You must also generate thumbnails once with the command:

python3 run_benchmark.py --thumbs

Internally, the --thumbs command creates a shell that calls find, convert, and parallel.

To view the website, open the help.html or index.html inside the web_dir manually or else call:

python3 run_benchmark.py --show

The website visualizes all algorithms' output and plots the metrics.

Putting It All Together

If you don't want to call each step separately, simply call:

python3 run_benchmark.py --all

Computing Metrics on a Single Sketch

Similarity Metrics

To run the similarity metrics manually, use tools/metric_multiple.py.
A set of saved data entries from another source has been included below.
lemma integral_le_twice_ramp_integral:
  fixes a :: "real \<Rightarrow> real"
  assumes T: "T > 0" and cont: "continuous_on {-T..0} a"
    and nonneg: "\<And>t. t \<in> {-T..0} \<Longrightarrow> a t \<ge> 0"
  shows "integral {-T/2..0} a \<le> 2 * integral {-T..0} (\<lambda>t. (t + T) / T * a t)"
proof -
  have sub: "{-T/2..0} \<subseteq> {-T..0}" using T by auto
  have cont_ramp: "continuous_on S (\<lambda>t. 2 * ((t + T) / T * a t))" if "S \<subseteq> {-T..0}" for S
    using T cont that by (auto intro!: continuous_intros intro: continuous_on_subset)
  have "integral {-T/2..0} a \<le> integral {-T/2..0} (\<lambda>t. 2 * ((t + T) / T * a t))"
  proof (rule integral_mono_continuous)
    show "continuous_on {-T/2..0} a" using cont sub by (rule continuous_on_subset)
    fix t assume t: "t \<in> {-T/2..0}"
    then have "1 \<le> 2 * ((t + T) / T)" using T by (auto simp: field_simps)
    then have "1 * a t \<le> 2 * ((t + T) / T) * a t"
      using nonneg[of t] t sub by (intro mult_right_mono) auto
    then show "a t \<le> 2 * ((t + T) / T * a t)" by (simp only: mult_1 mult.assoc)
  qed (use cont_ramp sub in auto)
  also have "\<dots> \<le> integral {-T..0} (\<lambda>t. 2 * ((t + T) / T * a t))"
    using sub T nonneg cont_ramp
    by (intro integral_subset_le integrable_continuous_interval) auto
  finally show ?thesis by simp
qed

text \<open>The time cutoff: testing \<open>a \<le> -c \<Phi>' + b\<close> against the ramp \<open>(t + T) / T\<close>, which
  vanishes at \<open>-T\<close> and is at least \<open>1/2\<close> on \<open>[-T/2, 0]\<close>.\<close>

lemma integral_le_by_time_cutoff:
  fixes \<Phi> \<phi> a b :: "real \<Rightarrow> real"
  assumes T: "T > 0" and c: "c \<ge> 0"
    and deriv: "\<And>t. t \<in> {-T..0} \<Longrightarrow> (\<Phi> has_real_derivative \<phi> t) (at t within {-T..0})"
    and cont: "continuous_on {-T..0} \<phi>" "continuous_on {-T..0} a" "continuous_on {-T..0} b"
    and nonneg: "\<And>t. t \<in> {-T..0} \<Longrightarrow> \<Phi> t \<ge> 0 \<and> a t \<ge> 0 \<and> b t \<ge> 0"
    and ineq: "\<And>t. t \<in> {-T..0} \<Longrightarrow> a t \<le> -c * \<phi> t + b t"
  shows "integral {-T/2..0} a \<le> 2 * (c / T * integral {-T..0} \<Phi> + integral {-T..0} b)"
proof -
  define ramp where "ramp t = (t + T) / T" for t
  have cont_ramp: "continuous_on S ramp" for S
    unfolding ramp_def using T by (intro continuous_intros) auto
  have "integral {-T..0} (\<lambda>t. ramp t * a t) \<le> integral {-T..0} (\<lambda>t. -c * (ramp t * \<phi> t) + b t)"
  proof (rule integral_mono_continuous)
    fix t assume t: "t \<in> {-T..0}"
    then have ramp: "0 \<le> ramp t" "ramp t \<le> 1" using T by (auto simp: ramp_def field_simps)
    then have "ramp t * a t \<le> ramp t * (-c * \<phi> t + b t)"
      using ineq[OF t] by (intro mult_left_mono) auto
    also have "\<dots> \<le> -c * (ramp t * \<phi> t) + b t"
      using ramp nonneg[OF t] by (simp add: algebra_simps mult_left_le)
    finally show "ramp t * a t \<le> -c * (ramp t * \<phi> t) + b t" .
  qed (use cont cont_ramp in \<open>auto intro!: continuous_intros\<close>)
  also have "\<dots> = -c * integral {-T..0} (\<lambda>t. ramp t * \<phi> t) + integral {-T..0} b"
  proof -
    have "(\<lambda>t. ramp t * \<phi> t) integrable_on {-T..0}" "b integrable_on {-T..0}"
      using cont cont_ramp by (auto intro!: integrable_continuous_interval continuous_intros)
    then have "((\<lambda>t. -c * (ramp t * \<phi> t) + b t) has_integral
        -c * integral {-T..0} (\<lambda>t. ramp t * \<phi> t) + integral {-T..0} b) {-T..0}"
      by (intro has_integral_mult_right has_integral_add integrable_integral)
    then show ?thesis by (rule integral_unique)
  qed
  also have "\<dots> = -c * \<Phi> 0 + c / T * integral {-T..0} \<Phi> + integral {-T..0} b"
    using integral_ramp_mult_deriv[OF T deriv cont(1)] T
    unfolding ramp_def by (simp add: right_diff_distrib)
  also have "\<dots> \<le> c / T * integral {-T..0} \<Phi> + integral {-T..0} b"
    using c nonneg[of 0] T by simp
  finally show ?thesis
    using integral_le_twice_ramp_integral[OF T cont(2)] nonneg unfolding ramp_def by fastforce
qed

definition backward_diff :: "real \<Rightarrow> (real \<Rightarrow> real) \<Rightarrow> real \<Rightarrow> real" where
  "backward_diff h g = (\<lambda>t. g t - g (t - h))"

lemma backward_diff_funpow_abs_le:
  assumes "h \<ge> 0" "\<And>s. s \<in> {t - real n * h..t} \<Longrightarrow> \<bar>g s\<bar> \<le> B"
  shows "\<bar>(backward_diff h ^^ n) g t\<bar> \<le> 2 ^ n * B"
  using assms(2)
proof (induction n arbitrary: g B)
  case (Suc n)
  have "\<bar>backward_diff h g s\<bar> \<le> 2 * B" if "s \<in> {t - real n * h..t}" for s
  proof -
    have "s \<in> {t - real (Suc n) * h..t}" "s - h \<in> {t - real (Suc n) * h..t}"
      using that assms(1) by (auto simp: algebra_simps)
    then show ?thesis using Suc.prems[of s] Suc.prems[of "s - h"] by (simp add: backward_diff_def)
  qed
  then have "\<bar>(backward_diff h ^^ n) (backward_diff h g) t\<bar> \<le> 2 ^ n * (2 * B)"
    by (rule Suc.IH)
  then show ?case unfolding funpow_Suc_right o_apply by (simp add: mult.left_commute)
qed simp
To get help, run:

python3 tools/metric_multiple.py --help

To compare two files:

python3 tools/metric_multiple.py -gt "example/simple-single-dot.png" -i "example/simple-single-dot-horizontal1.png" -d 0 --f-measure --chamfer --hausdorff

Vector Metrics

To evaluate junction quality:

python3 tools/junction_quality.py --help

To compute arc length statistics:

python3 tools/svg_arclengths_statistics.py --help

Rasterization

If you need to convert a file from an SVG to a PNG, you can do it specifying the output filename:

inkscape my_file.svg --export-filename="output-WIDTH.png" --export-width=WIDTH --export-height=HEIGHT

or specifying the output type (the input filename's extension is replaced):

inkscape my_file.svg --export-type=png --export-width=WIDTH --export-height=HEIGHT

The shorthand versions of the above rasterization commands are:

inkscape -o output-WIDTH.png -w WIDTH -h HEIGHT my_file.svg

or

inkscape --export-type=png -w WIDTH -h HEIGHT my_file.svg

If you pass only one of width or height, the other is chosen automatically in a manner preserving the aspect ratio.